Título: LIVRE DOS FUSCAS 36 ANOS DEPOIS E CANDIDATO
Autor: Adauri Antunes Barbosa
Fonte: O Globo, 19/04/2006, O País, p. 5
Maluf busca foro privilegiado
BRASÍLIA e SÃO PAULO. Com um resultado favorável ao ex-prefeito de São Paulo Paulo Maluf, foi encerrada no Supremo Tribunal Federal a ação que pedia o ressarcimento aos cofres públicos do valor equivalente à doação de Fuscas aos tricampeões da Copa de 70. Os Fuscas foram doados pelo então prefeito Maluf aos jogadores.
Venceu no último dia 3 de abril o prazo para apresentação do último recurso do processo. Maluf tinha sido condenado a partir de uma ação popular que considerou a doação ilegal. A condenação acabou sendo anulada pelo STF em 1995. O autor da ação popular recorreu, mas em 2002 o Supremo entendeu que a decisão anterior a favor de Maluf deveria ser mantida. O acórdão com o resultado desse último julgamento só foi publicado em março de 2006. No começo de abril, venceu o prazo para apresentação de recurso e a decisão transitou em julgamento, ou seja, não cabe mais recurso. Maluf está livre da acusação.

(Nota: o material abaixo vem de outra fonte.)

lemma perfect_matching_induced_involution:
  assumes p: "\<And>v. v \<in> D \<Longrightarrow> p v \<in> D \<and> p (p v) = v \<and> p v \<noteq> v \<and> E v (p v)"
  shows "perfect_matching_induced E D ((\<lambda>v. {v, p v}) ` D)"
  unfolding perfect_matching_induced_def
proof (intro conjI ballI impI)
  fix e assume "e \<in> (\<lambda>v. {v, p v}) ` D"
  then obtain v where "v \<in> D" "e = {v, p v}" by blast
  with p show "\<exists>u v. e = {u, v} \<and> u \<in> D \<and> v \<in> D \<and> E u v" by blast
next
  fix e e' assume "e \<in> (\<lambda>v. {v, p v}) ` D" "e' \<in> (\<lambda>v. {v, p v}) ` D" "e \<noteq> e'"
  obtain v w where "v \<in> D" "e = {v, p v}" "w \<in> D" "e' = {w, p w}"
    using \<open>e \<in> _\<close> \<open>e' \<in> _\<close> by (elim imageE)
  have "p (p v) = v" "p (p w) = w" using p \<open>v \<in> D\<close> \<open>w \<in> D\<close> by blast+
  show "e \<inter> e' = {}"
  proof (rule ccontr)
    assume "e \<inter> e' \<noteq> {}"
    then obtain x where "x = v \<or> x = p v" "x = w \<or> x = p w"
      using \<open>e = {v, p v}\<close> \<open>e' = {w, p w}\<close> by blast
    then have "w = v \<or> w = p v" using \<open>p (p v) = v\<close> \<open>p (p w) = w\<close> by metis
    then have "e' = e" using \<open>e = {v, p v}\<close> \<open>e' = {w, p w}\<close> \<open>p (p v) = v\<close>
      by (elim disjE) (simp_all add: insert_commute)
    with \<open>e \<noteq> e'\<close> show False by simp
  qed
next
  show "\<Union> ((\<lambda>v. {v, p v}) ` D) = D" using p by blast
qed

lemma Min_card_eqI:
  assumes "finite V" "\<And>D. P D \<Longrightarrow> D \<subseteq> V" "\<And>D. P D \<Longrightarrow> c \<le> card D"
    and "P D\<^sub>0" "card D\<^sub>0 = c"
  shows "Min (card ` {D. P D}) = c"
proof (rule Min_eqI)
  have "{D. P D} \<subseteq> Pow V" using assms(2) by blast
  then show "finite (card ` {D. P D})"
    using assms(1) by (meson finite_Pow_iff finite_imageI finite_subset)
next
  show "c \<le> x" if "x \<in> card ` {D. P D}" for x using that assms(3) by blast
next
  show "c \<in> card ` {D. P D}" using assms(4,5) by blast
qed

abbreviation torus_V :: "nat \<Rightarrow> nat \<Rightarrow> (nat \<times> nat) set" where
  "torus_V n m \<equiv> cart_V (cycle_V n) (cycle_V m)"

abbreviation torus_adj :: "nat \<Rightarrow> nat \<Rightarrow> nat \<times> nat \<Rightarrow> nat \<times> nat \<Rightarrow> bool" where
  "torus_adj n m \<equiv> cart_adj (cycle_adj n) (cycle_adj m)"

abbreviation torus_mod :: "nat \<Rightarrow> nat \<Rightarrow> nat \<times> nat \<Rightarrow> nat \<times> nat" where
  "torus_mod k l \<equiv> map_prod (\<lambda>a. a mod k) (\<lambda>b. b mod l)"

lemma mem_torus_V [simp]: "(a, b) \<in> torus_V n m \<longleftrightarrow> a < n \<and> b < m"
  by (simp add: cart_V_def cycle_V_def)

lemma finite_torus_V: "finite (torus_V n m)"
  by (simp add: cart_V_def cycle_V_def)

lemma symp_torus_adj: "symp (torus_adj n m)"
  by (auto intro!: sympI simp: cart_adj_def dest: cycle_adj_sym)

lemma card_torus_neighbours:
  assumes "u \<in> torus_V n m"
  shows "card {v \<in> torus_V n m. torus_adj n m v u} \<le> 4"
proof -
  obtain a b where u: "u = (a, b)" "a < n" "b < m" using assms by (cases u) auto
  let ?N = "[((a + 1) mod n, b), ((a + n - 1) mod n, b), (a, (b + 1) mod m), (a, (b + m - 1) mod m)]"
  have "v \<in> set ?N" if "torus_adj n m v u" for v
  proof -
    obtain c d where v: "v = (c, d)" by (cases v)
    from that have "torus_adj n m u v" using symp_torus_adj by (metis sympD)
    then have "a = c \<and> cycle_adj m b d \<or> b = d \<and> cycle_adj n a c"
      by (simp add: u v cart_adj_def)
    then show ?thesis
      using cycle_adj_iff[OF u(2)] cycle_adj_iff[OF u(3)] by (auto simp: v)
  qed
  then have "card {v \<in> torus_V n m. torus_adj n m v u} \<le> card (set ?N)"
    by (intro card_mono) auto
  also have "\<dots> \<le> 4" using card_length[of ?N] by simp
  finally show ?thesis .
qed

lemma cycle_adj_lift_mod:
  assumes "k dvd n" "a < n" "cycle_adj k (a mod k) r"
  shows "\<exists>a'. cycle_adj n a a' \<and> a' mod k = r"
proof -
  have "0 < k" using assms(3) by (auto simp: cycle_adj_def)
  obtain c where "n = k * c" using assms(1) by (elim dvdE)
  moreover from this assms(2) have "c \<noteq> 0" by (auto intro: gr0I)
  ultimately obtain q where n: "n = k * Suc q" by (cases c) auto
  have "a + n - 1 = (a + (k - 1)) + k * q"
    using n \<open>0 < k\<close> by simp
  then have "(a + n - 1) mod k = (a mod k + (k - 1)) mod k"
    by (simp add: mod_simps)
  then have pred: "(a + n - 1) mod n mod k = (a mod k + k - 1) mod k"
    using assms(1) \<open>0 < k\<close> by (simp add: mod_mod_cancel)
  have succ: "(a + 1) mod n mod k = (a mod k + 1) mod k"
    using assms(1) by (simp add: mod_mod_cancel mod_simps)
  from assms(3) \<open>0 < k\<close> have "r = (a mod k + 1) mod k \<or> r = (a mod k + k - 1) mod k"
    by (simp add: cycle_adj_iff)
  then show ?thesis
    using pred succ assms(2) cycle_adj_iff[OF assms(2)] by blast
qed
(* In the setting and for the algorithm OOPE described in the context, let $l_M$ denote the number of phases up to and including the penultimate phase (the last phase being the one in which the online samples are exhausted). Define $H^{-1}:\mathbb{R}_{\ge0}\to\mathbb{N}\cup\{0\}$ by $H^{-1}(x)=\max\{n\in\mathbb{N}\cup\{0\}:\sum_{l=1}^n4^l\log(4l^2|\mathcal{A}|T)\le x\}$. Then $l_M\le H^{-1}\big(\frac{T}{3d_{\mathrm{eff}}}\big)$.
   Context: Setting: $\mathcal{A}\subset\mathbb{R}^d$ finite, known, $\mathrm{span}(\mathcal{A})=\mathbb{R}^d$; unknown $\theta^*\in\mathbb{R}^d$; pulling $a$ yields $\langle\theta^*,a\rangle+\eta$, $\eta$ zero-mean 1-sub-Gaussian independent; $T_{\mathrm{off}}$ offline samples collected non-adaptively by fixed $\pi_{\mathrm{off}}\in\Delta(\mathcal{A})$ ($\pi_{\mathrm{off}}(a)T_{\mathrm{off}}$ from arm $a$, same reward law); then $T$ online rounds. Notation: $V_\pi=\sum_a\pi(a)aa^\top$, $g_{\mathcal{B}}(\pi)=\max_{a\in\mathcal{B}}a^\top V_\pi^{-1}a$, $\lambda_k$ the $k$-th smallest eigenvalue, $d_{\mathrm{eff}}=\min\big(\sum_{k=1}^d(1+\frac{T_{\mathrm{off}}}{T}\frac{\lambda_k(V_{\pi_{\mathrm{off}}})}{\max_a\|a\|^2})^{-1},\frac{T}{T_{\mathrm{off}}}g_{\mathcal{A}}(\pi_{\mathrm{off}})\big)$. Algorithm OOPE: $\alpha=T_{\mathrm{off}}/(T_{\mathrm{off}}+T)$, $\mathcal{A}_1=\mathcal{A}$. Phase $l$: if $|\mathcal{A}_l|=1$ pull its arm for all remaining rounds. Else $\epsilon_l=2^{-l}$, $\pi^*_{l,\mathrm{on}}\in\arg\max_{\pi\in\Delta(\mathcal{A}_l)}\log\det V_{(1-\alpha)\pi+\alpha\pi_{\mathrm{off}}}$, $\tilde\pi_l=(1-\alpha)\pi^*_{l,\mathrm{on}}+\alpha\pi_{\mathrm{off}}$; for each arm $a$ in turn take $n^l_{\mathrm{on}}(a)=\lceil3d_{\mathrm{eff}}\pi^*_{l,\mathrm{on}}(a)\log(4l^2|\mathcal{A}|T)/\epsilon_l^2\rceil$ new online pulls and request $n^l_{\mathrm{off}}(a)=\lceil2\alpha\pi_{\mathrm{off}}(a)g_{\mathcal{A}_l}(\tilde\pi_l)\log(4l^2|\mathcal{A}|T)/\epsilon_l^2\rceil$ offline samples of $a$ not used before (all remaining if fewer). If the online budget would be exceeded, the remaining rounds are used and the algorithm stops without elimination. Otherwise compute the least-squares estimate $\hat\theta_l$ from phase-$l$ samples only, and set $\mathcal{A}_{l+1}=\mathcal{A}_l\setminus\{a:\max_{a'\in\mathcal{A}_l}\langle a'-a,\hat\theta_l\rangle\ge2\epsilon_l\}$. *)

theory Defs
  imports "HOL-Analysis.Analysis" "HOL-Computational_Algebra.Polynomial"
begin
(* Let $m,n,k$ be positive integers. Then \begin{align*} |\mathrm{WHom}(P_m,P_{n}\square P_{k})|=&\,4\sum_{i=0}^{\lfloor n/2\rfloor-1}\sum_{j=0}^{\lfloor k/2\rfloor-1}|\mathrm{WHom}^{ij}(P_m,P_{n}\square P_{k})| +(1-(-1)^n)\sum_{j=0}^{\lfloor k/2\rfloor-1}|\mathrm{WHom}^{\lfloor n/2\rfloor j}(P_m,P_{n}\square P_{k})|\\ &+(1-(-1)^k)\sum_{i=0}^{\lfloor n/2\rfloor-1}|\mathrm{WHom}^{i\lfloor k/2\rfloor}(P_m,P_{n}\square P_{k})| +\tfrac14(1-(-1)^n)(1-(-1)^k)\,|\mathrm{WHom}^{\lfloor n/2\rfloor\lfloor k/2\rfloor}(P_m,P_{n}\square P_{k})|, \end{align*} where, for $0\le i\le n-1$ and $0\le j\le k-1$, $$|\mathrm{WHom}^{ij}(P_m,P_n\square P_k)|=\sum_{h=0}^{m-1}\binom{m-1}{h}\,|\mathrm{Hom}^i(P_{h+1},P_n)|\,|\mathrm{WHom}^j(P_{m-h},P_k)|.$$
   Context: For a positive integer $n$, $P_n$ denotes the path with vertex set $\{0,1,\dots,n-1\}$ and edge set $\{\{i,i+1\} : i=0,\dots,n-2\}$. The Cartesian product $P_n\square P_k$ has vertex set $\{0,\dots,n-1\}\times\{0,\dots,k-1\}$, with $\{(a,u),(b,v)\}$ an edge iff either $a=b$ and $\{u,v\}\in E(P_k)$, or $\{a,b\}\in E(P_n)$ and $u=v$. A homomorphism $f:G\to H$ is a map $V(G)\to V(H)$ with $\{f(x),f(y)\}\in E(H)$ for all $\{x,y\}\in E(G)$; a weak homomorphism is a map with $f(x)=f(y)$ or $\{f(x),f(y)\}\in E(H)$ for all $\{x,y\}\in E(G)$. $\mathrm{WHom}(G,H)$ is the set of weak homomorphisms from $G$ to $H$. $\mathrm{Hom}^i(P_a,P_n)$ is the set of homomorphisms $f:P_a\to P_n$ with $f(0)=i$; $\mathrm{WHom}^j(P_a,P_k)$ is the set of weak homomorphisms $f:P_a\to P_k$ with $f(0)=j$; $\mathrm{WHom}^{ij}(P_m,P_n\square P_k)$ is the set of weak homomorphisms $f:P_m\to P_n\square P_k$ with $f(0)=(i,j)$. *)

theory Defs
  imports Complex_Main "HOL-Library.FuncSet"
begin

text \<open>A (simple) graph is represented as a pair (vertex set, symmetric adjacency relation).
Maps V(G) -> V(H) are represented as extensional functions in PiE (fst G) (\<lambda>_. fst H).\<close>

type_synonym 'a graph = "'a set \<times> ('a \<Rightarrow> 'a \<Rightarrow> bool)"

definition Path :: "nat \<Rightarrow> nat graph" where
  "Path n = ({0..<n}, \<lambda>u v. u < n \<and> v < n \<and> (v = u + 1 \<or> u = v + 1))"

definition box :: "'a graph \<Rightarrow> 'b graph \<Rightarrow> ('a \<times> 'b) graph" where
  "box G H = (fst G \<times> fst H,
     \<lambda>(a, u) (b, v). (a = b \<and> a \<in> fst G \<and> snd H u v) \<or> (u = v \<and> u \<in> fst H \<and> snd G a b))"

definition Hom :: "'a graph \<Rightarrow> 'b graph \<Rightarrow> ('a \<Rightarrow> 'b) set" where
  "Hom G H = {f \<in> fst G \<rightarrow>\<^sub>E fst H. \<forall>x y. snd G x y \<longrightarrow> snd H (f x) (f y)}"

definition WHom :: "'a graph \<Rightarrow> 'b graph \<Rightarrow> ('a \<Rightarrow> 'b) set" where
  "WHom G H = {f \<in> fst G \<rightarrow>\<^sub>E fst H. \<forall>x y. snd G x y \<longrightarrow> f x = f y \<or> snd H (f x) (f y)}"

definition HomP :: "nat \<Rightarrow> nat \<Rightarrow> nat \<Rightarrow> (nat \<Rightarrow> nat) set" where
  "HomP i a n = {f \<in> Hom (Path a) (Path n). f 0 = i}"

definition WHomP :: "nat \<Rightarrow> nat \<Rightarrow> nat \<Rightarrow> (nat \<Rightarrow> nat) set" where
  "WHomP j a k = {f \<in> WHom (Path a) (Path k). f 0 = j}"

definition WHomPP :: "nat \<Rightarrow> nat \<Rightarrow> nat \<Rightarrow> nat \<Rightarrow> nat \<Rightarrow> (nat \<Rightarrow> nat \<times> nat) set" where
  "WHomPP i j m n k = {f \<in> WHom (Path m) (box (Path n) (Path k)). f 0 = (i, j)}"

end

theory Submission
  imports Defs
begin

O ex-prefeito, que passou 40 dias preso por coação de testemunhas no ano passado em outro processo, vai se candidatar a deputado federal. Caso consiga se eleger, os dois processos criminais a que responde na Justiça de São Paulo passarão para a alçada do Supremo Tribunal Federal. Segundo avaliações do Ministério Público paulista e do advogado de Maluf, José Roberto Leal, a possibilidade de o ex-prefeito ser eleito e ganhar o direito a foro privilegiado tem vantagens e desvantagens.
Segundo o Ministério Público, o STF tem menos estrutura do que a Justiça estadual, o que poderia atrasar o processo. Por outro lado, se Maluf for condenado pelo STF, não terá como recorrer.
¿ Os ministros do Supremo são menos vulneráveis a pressões como a da mídia, o que é positivo. Mas depois do STF não tenho a quem recorrer ¿ diz Leal.
Segundo o Ministério Público, não existe impedimento legal para que Maluf dispute. A única ação por improbidade administrativa na qual foi condenado em última instância pede ressarcimento de R$600 mil e não prevê suspensão de direitos políticos.